(* Let $k$ be an algebraically closed field of characteristic zero, let $\mathbb{T}^2=\operatorname{Spec}k[x^{\pm1},y^{\pm1}]$ and $\omega=\frac{dx}{x}\wedge\frac{dy}{y}$. Then: (1) the Lie subalgebra of $\mathrm{Vec}(\mathbb{T}^2)$ generated by all locally nilpotent vector fields is zero, and so is the one generated by the Hamiltonian locally nilpotent vector fields; (2) $\mathcal{H}_\omega(\mathbb{T}^2)$ is a proper Lie ideal of codimension $2$ of $\mathrm{VP}_\omega(\mathbb{T}^2)$; (3) $\mathcal{E}_\omega(\mathbb{T}^2)=[\mathcal{H}_\omega(\mathbb{T}^2),\mathcal{H}_\omega(\mathbb{T}^2)]=\mathcal{H}_\omega(\mathbb{T}^2)$, and this is a simple Lie algebra of bracket width one.
   Context: For a smooth affine surface $S$ with nowhere vanishing $2$-form $\omega$: $\mathrm{Div}_\omega\xi\in\mathcal{O}(S)$ is defined by $d(i_\xi\omega)=(\mathrm{Div}_\omega\xi)\omega$; $\mathrm{VP}_\omega(S)=\{\xi\in\mathrm{Vec}(S):\mathrm{Div}_\omega\xi=0\}$ (symplectic vector fields, i.e. $i_\xi\omega$ closed). For $f\in\mathcal{O}(S)$, $\theta_f$ is the unique vector field with $i_{\theta_f}\omega=df$; $\mathcal{H}_\omega(S)=\{\theta_f: f\in\mathcal{O}(S)\}$ (Hamiltonian vector fields, i.e. those $\xi$ with $i_\xi\omega$ exact). $E_\omega(S)=\mathrm{Div}_\omega(\mathrm{Vec}(S))\subseteq\mathcal{O}(S)$ and $\mathcal{E}_\omega(S)=\{\theta_f: f\in E_\omega(S)\}$. A vector field is locally nilpotent if the corresponding derivation $\partial$ of $\mathcal{O}(S)$ satisfies: for every $f$ some power $\partial^s f=0$. The bracket width of a Lie algebra $L$ is the supremum over $a\in[L,L]$ of the smallest number of brackets of elements of $L$ summing to $a$. *)

theory Defs
  imports "HOL-Computational_Algebra.Polynomial" "HOL-Library.Poly_Mapping"
    "HOL-Library.Product_Plus" "HOL-Library.Extended_Nat"
begin

text \<open>Coordinate ring of the torus: Laurent polynomials k[x^{+-1},y^{+-1}],
  as finitely supported functions from exponent pairs (i,j) in Z x Z to k
  (the monomial x^i y^j), with convolution product.\<close>
type_synonym 'k laurent = "(int \<times> int) \<Rightarrow>\<^sub>0 'k"

definition cst :: "'k::comm_ring_1 \<Rightarrow> 'k laurent" where
  "cst c = Poly_Mapping.single (0,0) c"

══════════

§ **Exercise**
Word for word, every record must be given again.

§ **Result of this exercise**
(* Let $k$ be an algebraically closed field of characteristic zero, let $\mathbb{T}^2=\operatorname{Spec}k[x^{\pm1},y^{\pm1}]$ and $\omega=\frac{dx}{x}\wedge\frac{dy}{y}$. Then: (1) the Lie subalgebra of $\mathrm{Vec}(\mathbb{T}^2)$ generated by all locally nilpotent vector fields is zero, and so is the one generated by the Hamiltonian locally nilpotent vector fields; (2) $\mathcal{H}_\omega(\mathbb{T}^2)$ is a proper Lie ideal of codimension $2$ of $\mathrm{VP}_\omega(\mathbb{T}^2)$; (3) $\mathcal{E}_\omega(\mathbb{T}^2)=[\mathcal{H}_\omega(\mathbb{T}^2),\mathcal{H}_\omega(\mathbb{T}^2)]=\mathcal{H}_\omega(\mathbb{T}^2)$, and this is a simple Lie algebra of bracket width one.
   Context: For a smooth affine surface $S$ with nowhere vanishing $2$-form $\omega$: $\mathrm{Div}_\omega\xi\in\mathcal{O}(S)$ is defined by $d(i_\xi\omega)=(\mathrm{Div}_\omega\xi)\omega$; $\mathrm{VP}_\omega(S)=\{\xi\in\mathrm{Vec}(S):\mathrm{Div}_\omega\xi=0\}$ (symplectic vector fields, i.e. $i_\xi\omega$ closed). For $f\in\mathcal{O}(S)$, $\theta_f$ is the unique vector field with $i_{\theta_f}\omega=df$; $\mathcal{H}_\omega(S)=\{\theta_f: f\in\mathcal{O}(S)\}$ (Hamiltonian vector fields, i.e. those $\xi$ with $i_\xi\omega$ exact). $E_\omega(S)=\mathrm{Div}_\omega(\mathrm{Vec}(S))\subseteq\mathcal{O}(S)$ and $\mathcal{E}_\omega(S)=\{\theta_f: f\in E_\omega(S)\}$. A vector field is locally nilpotent if the corresponding derivation $\partial$ of $\mathcal{O}(S)$ satisfies: for every $f$ some power $\partial^s f=0$. The bracket width of a Lie algebra $L$ is the supremum over $a\in[L,L]$ of the smallest number of brackets of elements of $L$ summing to $a$. *)

theory Defs
  imports "HOL-Computational_Algebra.Polynomial" "HOL-Library.Poly_Mapping"
    "HOL-Library.Product_Plus" "HOL-Library.Extended_Nat"
begin

text \<open>Coordinate ring of the torus: Laurent polynomials k[x^{+-1},y^{+-1}],
  as finitely supported functions from exponent pairs (i,j) in Z x Z to k
  (the monomial x^i y^j), with convolution product.\<close>
type_synonym 'k laurent = "(int \<times> int) \<Rightarrow>\<^sub>0 'k"

definition cst :: "'k::comm_ring_1 \<Rightarrow> 'k laurent" where
  "cst c = Poly_Mapping.single (0,0) c"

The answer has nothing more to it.